Toshiba mulls going private after string of shareholder revolts

The firm has established a special committee to "engage" with potential investors and review alternatives
Image: Shutterstock

8 April 2022

Embattled tech giant Toshiba has said it will set up a special committee to assess potential bids from private equity organisations and other investors.

The move opens the possibility for a landmark deal to take one of Japan’s oldest organisations private.

A new committee is to be led by six existing directors, including the founder of Tiga Investments, Raymond Zage, and the ex-chair of Nobel Group, Paul Brough. The role of the committee, according to Toshiba, is to “engage with potential investors and sponsors and review strategic alternatives”.




Investors have ramped up the pressure for privatisation, and was mentioned in a recent letter to the board from the company’s second-largest shareholder, 3D Investment Partners. Bain Capital is reportedly going to be one of the first investors up for review as the US private equity firm recently secured qualified support for a buyout deal from Toshiba’s largest shareholder, the Singapore-based investment fund Effissimo.

Toshiba, which has an estimated market value of $17 billion, has seen a growing conflict between its leadership team and its major shareholders. The creation of a special committee effectively kills off plans to split the company into separate entities, with proposals for both three and two-way splits heavily criticised by investors.

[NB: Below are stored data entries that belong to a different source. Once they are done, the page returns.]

(* Consider the Quicksort recursive distributional equation $$X\stackrel d=UX_1+(1-U)X_2+C(U)\quad\text{on }\mathbb R,$$ where $C(x)=2x\log x+2(1-x)\log(1-x)+1$, $U$ is uniform on $[0,1]$, and $X_1,X_2$ are i.i.d. copies of $X$ independent of $U$. Let $\nu$ be its unique solution with mean zero and finite variance, let $m\in\mathbb R$, $\sigma\ge0$, and let $\mu=\nu*\mathrm{Cauchy}(m,\sigma^2)$. Then the invariant recursive tree process with marginal $\mu$ is endogenous if and only if $\sigma=0$.
   Context: $*$ denotes convolution. $\mathrm{Cauchy}(m,\sigma^2)$ denotes the distribution on $\mathbb R$ with characteristic function $t\mapsto\exp(imt-\sigma|t|)$ (for $\sigma=0$ this is the point mass at $m$). It is known that each such $\mu$ solves the equation. Recursive tree process: let $\mathbb T$ be the set of finite words in $\{1,2\}$ (root $\emptyset$, children $\mathbf i1,\mathbf i2$), $(U_{\mathbf i})_{\mathbf i\in\mathbb T}$ i.i.d. uniform on $[0,1]$. An invariant RTP with marginal $\mu$ is a family $(X_{\mathbf i})$ of random variables with law $\mu$ such that $X_{\mathbf i}=U_{\mathbf i}X_{\mathbf i1}+(1-U_{\mathbf i})X_{\mathbf i2}+C(U_{\mathbf i})$ a.s. for all $\mathbf i$ and, for each $d$, the generation-$d$ variables are i.i.d. and independent of $(U_{\mathbf i})$ at generations $<d$. It is endogenous if $X_\emptyset$ is $\sigma(U_{\mathbf i},\mathbf i\in\mathbb T)$-measurable. *)

theory Defs
  imports "HOL-Probability.Probability"
begin

text \<open>The Quicksort toll function C(x) = 2 x log x + 2 (1-x) log (1-x) + 1
  (with the convention 0 log 0 = 0, which holds since ln 0 = 0 in Isabelle).\<close>
definition QS_C :: "real \<Rightarrow> real" where
  "QS_C x = 2 * x * ln x + 2 * (1 - x) * ln (1 - x) + 1"

definition unif01 :: "real measure" where
  "unif01 = uniform_measure lborel {0..1}"

definition QS_fixpoint :: "real measure \<Rightarrow> bool" where
  "QS_fixpoint mu \<longleftrightarrow> real_distribution mu \<and>
     mu = distr (unif01 \<Otimes>\<^sub>M (mu \<Otimes>\<^sub>M mu)) borel
            (\<lambda>(u, (x1, x2)). u * x1 + (1 - u) * x2 + QS_C u)"

definition is_cauchy :: "real \<Rightarrow> real \<Rightarrow> real measure \<Rightarrow> bool" where
  "is_cauchy m \<sigma> K \<longleftrightarrow> real_distribution K \<and>
     (\<forall>t. char K t = exp (\<i> * complex_of_real (m * t) - complex_of_real (\<sigma> * \<bar>t\<bar>)))"

text \<open>Tree words over {1,2} are encoded as bool lists: child i1 = i @ [False],
  child i2 = i @ [True]; the generation of a word is its length.\<close>

definition invariant_RTP ::
  "'a measure \<Rightarrow> (bool list \<Rightarrow> 'a \<Rightarrow> real) \<Rightarrow> (bool list \<Rightarrow> 'a \<Rightarrow> real) \<Rightarrow> real measure \<Rightarrow> bool" where
  "invariant_RTP M U X mu \<longleftrightarrow>
     prob_space M \<and>
     (\<forall>i. U i \<in> borel_measurable M \<and> distr M borel (U i) = unif01) \<and>
     prob_space.indep_vars M (\<lambda>_. borel) U UNIV \<and>
     (\<forall>i. X i \<in> borel_measurable M \<and> distr M borel (X i) = mu) \<and>
     (\<forall>i. AE \<omega> in M. X i \<omega> = U i \<omega> * X (i @ [False]) \<omega> + (1 - U i \<omega>) * X (i @ [True]) \<omega>
                            + QS_C (U i \<omega>)) \<and>
     (\<forall>d. prob_space.indep_vars M (\<lambda>_. borel) X {i. length i = d} \<and>
          prob_space.indep_var M
            (PiM {i. length i = d} (\<lambda>_. borel)) (\<lambda>\<omega>. restrict (\<lambda>i. X i \<omega>) {i. length i = d})
            (PiM {i. length i < d} (\<lambda>_. borel)) (\<lambda>\<omega>. restrict (\<lambda>i. U i \<omega>) {i. length i < d}))"

definition U_sigma :: "'a measure \<Rightarrow> (bool list \<Rightarrow> 'a \<Rightarrow> real) \<Rightarrow> 'a measure" where
  "U_sigma M U = sigma (space M) {U i -` B \<inter> space M | i B. B \<in> sets borel}"

definition endogenous :: "'a measure \<Rightarrow> (bool list \<Rightarrow> 'a \<Rightarrow> real) \<Rightarrow> (bool list \<Rightarrow> 'a \<Rightarrow> real) \<Rightarrow> bool" where
  "endogenous M U X \<longleftrightarrow> (\<exists>g \<in> borel_measurable (U_sigma M U). AE \<omega> in M. X [] \<omega> = g \<omega>)"

end

theory Submission
  imports Defs
begin

text \<open>
  Unfolding the recursion down to generation n writes the root as
  X [] = A n + (\<Sum>|i| = n. L i * X i), where the path weights L i \<ge> 0 sum to 1 and, like the
  accumulated toll A n, are functions of the U's above generation n, while the X i of
  generation n are i.i.d. with law \<mu> and independent of those U's.

  If \<sigma> > 0 then |char \<mu> t| \<le> exp (-\<sigma> |t|), and since the weights sum to 1 the same bound
  holds for the characteristic function of X [] conditionally on the U's above generation n.
  Approximating the events S of \<sigma>(U) by such events gives
  |E (indicator S * exp (i t X []))| \<le> exp (-\<sigma> |t|) P S, which is impossible if X [] is
  \<sigma>(U)-measurable: for t = 1/\<sigma>, the four events where the real or imaginary part of
  \<plusminus>exp (i t X []) is at least 1/2 cover the sample space, yet each must be null since
  exp (-1) < 1/2.

  If \<sigma> = 0 then \<mu> is \<nu> shifted by m, so it has finite variance v, and
  E ((X [] - m - A n)^2) = v E (\<Sum>|i| = n. (L i)^2) = v (2/3)^n. Hence A n + m \<rightarrow> X []
  almost surely, and the limit is a function of the U's.
\<close>

section \<open>Approximation and conditioning\<close>

lemma (in finite_measure) measure_UN_diff_UN_lessThan_less:
  fixes A :: "nat \<Rightarrow> 'a set"
  assumes A: "range A \<subseteq> sets M" and e: "e > 0"
  obtains N where "measure M ((\<Union>i. A i) - (\<Union>i<N. A i)) < e"
proof -
  have "(\<lambda>N::nat. measure M (\<Union>i<N. A i)) \<longlonglongrightarrow> measure M (\<Union>N. \<Union>i<N. A i)"
    using A by (intro finite_Lim_measure_incseq monoI UN_mono) auto
  moreover have "(\<Union>N. \<Union>i<N. A i) = (\<Union>i. A i)" by blast
  ultimately obtain N where "measure M (\<Union>i. A i) - measure M (\<Union>i<N. A i) < e"
    using e by (metis LIMSEQ_D abs_minus_commute abs_less_iff order_refl real_norm_def)
  moreover have "measure M ((\<Union>i. A i) - (\<Union>i<N. A i)) = measure M (\<Union>i. A i) - measure M (\<Union>i<N. A i)"
    using A by (intro finite_measure_Diff) auto
  ultimately show ?thesis using that by metis
qed

lemma (in finite_measure) measure_sym_diff_UN_le:
  assumes "finite I" "A ` I \<subseteq> sets M" "B ` I \<subseteq> sets M"
  shows "measure M (sym_diff (\<Union>i\<in>I. A i) (\<Union>i\<in>I. B i)) \<le> (\<Sum>i\<in>I. measure M (sym_diff (A i) (B i)))"
proof -
  have "measure M (sym_diff (\<Union>i\<in>I. A i) (\<Union>i\<in>I. B i)) \<le> measure M (\<Union>i\<in>I. sym_diff (A i) (B i))"
    using assms by (intro finite_measure_mono) auto
  also have "\<dots> \<le> (\<Sum>i\<in>I. measure M (sym_diff (A i) (B i)))"
    using assms by (intro finite_measure_subadditive_finite) auto
  finally show ?thesis .
qed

Part of the issue was trust, with many investors questioning whether the current leadership team would still be accountable for breaking up the company should it result in a much worse business outcome. Effissimo, in particular, stated that the current leadership structure was in no position to make such an “irreversible and momentous” decision.

Some reports suggest that the company is still split over the matter but senior figures feel that privatisation presents the best way forward for a business struggling to resolve a decade-worth of internal troubles.

The Japanese giant was approached in April for a $14 billion takeover by CVC Capital Partners, but investors alleged that top executives took a “leading role in blocking the proposals”, and even went as far as to actively prevent it from being discussed.